• [What the exercise asks]: Exactly the lines from the start of the data below through the line containing "i \<Rightarrow> 0" must be returned, and no others.

• [Data supplied]:
lemma qpq_add: "qpq (x + y) = qpq x + 2 * bpq x y + qpq y"
  by (simp add: qpq_def bpq_add_left bpq_add_right bpq_sym[of y x])

lemma qpq_scaleR: "qpq (c *\<^sub>R x) = c\<^sup>2 * qpq x"
  by (simp add: qpq_def bpq_scaleR_left bpq_scaleR_right power2_eq_square)

lemma qpq_minus: "qpq (- x) = qpq x"
  by (simp add: qpq_def bpq_minus_left bpq_minus_right)

lemma qpq_diff: "qpq (x - y) = qpq x - 2 * bpq x y + qpq y"
  using qpq_add[of x "- y"] by (simp add: qpq_minus bpq_minus_right)

lemma bpq_axis_Inl: "bpq d (axis (Inl i) 1) = - d $ Inl i"
  by (simp add: bpq_def axis_def if_distrib[where f="\<lambda>x. _ * x"] cong: if_cong)

lemma bpq_axis_Inr: "bpq d (axis (Inr j) 1) = d $ Inr j"
  by (simp add: bpq_def axis_def if_distrib[where f="\<lambda>x. _ * x"] cong: if_cong)

lemma qpq_axis_Inl: "qpq (axis (Inl i) 1 :: real ^ ('p::finite + 'q::finite)) = -1"
  by (simp add: qpq_def bpq_axis_Inl)

lemma qpq_axis_Inr: "qpq (axis (Inr j) 1 :: real ^ ('p::finite + 'q::finite)) = 1"
  by (simp add: qpq_def bpq_axis_Inr)

definition proj_neg :: "real ^ ('p::finite + 'q::finite) \<Rightarrow> real ^ ('p + 'q)" where
  "proj_neg z = (\<chi> k. case k of Inl i \<Rightarrow> z $ k | Inr j \<Rightarrow> 0)"

definition proj_pos :: "real ^ ('p::finite + 'q::finite) \<Rightarrow> real ^ ('p + 'q)" where
  "proj_pos z = (\<chi> k. case k of Inl i \<Rightarrow> 0 | Inr j \<Rightarrow> z $ k)"

lemma proj_neg_plus_proj_pos: "proj_neg z + proj_pos z = z"
  by (simp add: proj_neg_def proj_pos_def vec_eq_iff split: sum.split)

lemma qpq_proj_neg: "qpq (proj_neg z) = - qneg z"
  by (simp add: qpq_eq_qpos_minus_qneg qpos_def qneg_def proj_neg_def)

lemma qpq_proj_pos: "qpq (proj_pos z) = qpos z"
  by (simp add: qpq_eq_qpos_minus_qneg qpos_def qneg_def proj_pos_def)

lemma bpq_proj_pos: "bpq z (proj_pos z) = qpos z"
  by (simp add: bpq_def qpos_def proj_pos_def power2_eq_square)

subsection \<open>Exchanging the roles of p and q\<close>

text \<open>\<open>\<real>\<^sup>p\<^sup>,\<^sup>q\<close> with the negated form is \<open>\<real>\<^sup>q\<^sup>,\<^sup>p\<close>; this transfers statements about \<open>U_S\<close> to \<open>U_T\<close>.\<close>

definition swap_pq :: "real ^ ('p::finite + 'q::finite) \<Rightarrow> real ^ ('q + 'p)" where
  "swap_pq z = (\<chi> k. z $ (case k of Inl j \<Rightarrow> Inr j | Inr i \<Rightarrow> Inl i))"

lemma swap_pq_swap_pq [simp]: "swap_pq (swap_pq z) = z"
  by (simp add: swap_pq_def vec_eq_iff split: sum.split)

lemma linear_swap_pq: "linear swap_pq"
  by (auto simp: linear_iff vec_eq_iff swap_pq_def)

lemma swap_pq_diff [simp]: "swap_pq (x - y) = swap_pq x - swap_pq y"
  by (rule linear_diff[OF linear_swap_pq])

lemma swap_pq_eq_0_iff [simp]: "swap_pq z = 0 \<longleftrightarrow> z = 0"
  by (metis swap_pq_swap_pq linear_0[OF linear_swap_pq])

lemma bpq_swap_pq [simp]: "bpq (swap_pq v) (swap_pq w) = - bpq v w"
  by (simp add: bpq_def swap_pq_def)

lemma qpq_swap_pq [simp]: "qpq (swap_pq z) = - qpq z"
  by (simp add: qpq_def)

lemma qpq_swap_pq_diff: "qpq (swap_pq x - v) = - qpq (x - swap_pq v)"
  by (metis qpq_swap_pq swap_pq_diff swap_pq_swap_pq)

lemma image_swap_pq: "swap_pq ` A = {z. swap_pq z \<in> A}"
  by (auto intro: image_eqI[where x="swap_pq _"])

lemma translate_U_S: "(+) v0 ` U_S = {x. qpq (x - v0) > 0}"
  by (force simp: U_S_def)

lemma translate_U_T: "(+) v0 ` U_T = {x. qpq (x - v0) < 0}"
  by (force simp: U_T_def)

lemma swap_pq_translate_U_S: "swap_pq ` (+) v0 ` U_S = (+) (swap_pq v0) ` U_T"
  by (auto simp: image_swap_pq translate_U_S translate_U_T qpq_swap_pq_diff)

lemma swap_pq_translate_U_T: "swap_pq ` (+) v0 ` U_T = (+) (swap_pq v0) ` U_S"
  by (auto simp: image_swap_pq translate_U_S translate_U_T qpq_swap_pq_diff)

lemma swap_pq_Hpq: "swap_pq ` Hpq v \<alpha> = Hpq (- swap_pq v) \<alpha>"
  by (auto simp: image_swap_pq Hpq_def bpq_minus_left simp flip: bpq_swap_pq)

lemma inj_swap_pq: "inj swap_pq"
  by (metis injI swap_pq_swap_pq)

lemma intersection_type_swap_pq:
  fixes Y :: "(real ^ ('p::finite + 'q::finite)) set"
  assumes "intersection_type Y"
  shows "intersection_type (swap_pq ` Y)"
proof -
  from assms consider (S) v0 where "Y = (+) v0 ` U_S" | (T) v0 where "Y = (+) v0 ` U_T"
    | (H) v \<alpha> where "v \<in> lightcone - {0}" "Y = Hpq v \<alpha>"
    unfolding intersection_type_def by blast
  then show ?thesis
  proof cases
    case S
    then show ?thesis
      unfolding intersection_type_def S swap_pq_translate_U_S by blast
  next
    case T
    then show ?thesis
      unfolding intersection_type_def T swap_pq_translate_U_T by blast
  next
    case (H v \<alpha>)
    then have "- swap_pq v \<in> lightcone - {0}"
      by (simp add: lightcone_def qpq_minus)
    then show ?thesis
      unfolding intersection_type_def H(2) swap_pq_Hpq by blast
  qed
qed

• [Reply to the exercise]:
lemma qpq_add: "qpq (x + y) = qpq x + 2 * bpq x y + qpq y"
  by (simp add: qpq_def bpq_add_left bpq_add_right bpq_sym[of y x])

lemma qpq_scaleR: "qpq (c *\<^sub>R x) = c\<^sup>2 * qpq x"
  by (simp add: qpq_def bpq_scaleR_left bpq_scaleR_right power2_eq_square)

lemma qpq_minus: "qpq (- x) = qpq x"
  by (simp add: qpq_def bpq_minus_left bpq_minus_right)

lemma qpq_diff: "qpq (x - y) = qpq x - 2 * bpq x y + qpq y"
  using qpq_add[of x "- y"] by (simp add: qpq_minus bpq_minus_right)

lemma bpq_axis_Inl: "bpq d (axis (Inl i) 1) = - d $ Inl i"
  by (simp add: bpq_def axis_def if_distrib[where f="\<lambda>x. _ * x"] cong: if_cong)

lemma bpq_axis_Inr: "bpq d (axis (Inr j) 1) = d $ Inr j"
  by (simp add: bpq_def axis_def if_distrib[where f="\<lambda>x. _ * x"] cong: if_cong)

lemma qpq_axis_Inl: "qpq (axis (Inl i) 1 :: real ^ ('p::finite + 'q::finite)) = -1"
  by (simp add: qpq_def bpq_axis_Inl)

lemma qpq_axis_Inr: "qpq (axis (Inr j) 1 :: real ^ ('p::finite + 'q::finite)) = 1"
  by (simp add: qpq_def bpq_axis_Inr)

definition proj_neg :: "real ^ ('p::finite + 'q::finite) \<Rightarrow> real ^ ('p + 'q)" where
  "proj_neg z = (\<chi> k. case k of Inl i \<Rightarrow> z $ k | Inr j \<Rightarrow> 0)"

definition proj_pos :: "real ^ ('p::finite + 'q::finite) \<Rightarrow> real ^ ('p + 'q)" where
  "proj_pos z = (\<chi> k. case k of Inl i \<Rightarrow> 0 | Inr j \<Rightarrow> z $ k)"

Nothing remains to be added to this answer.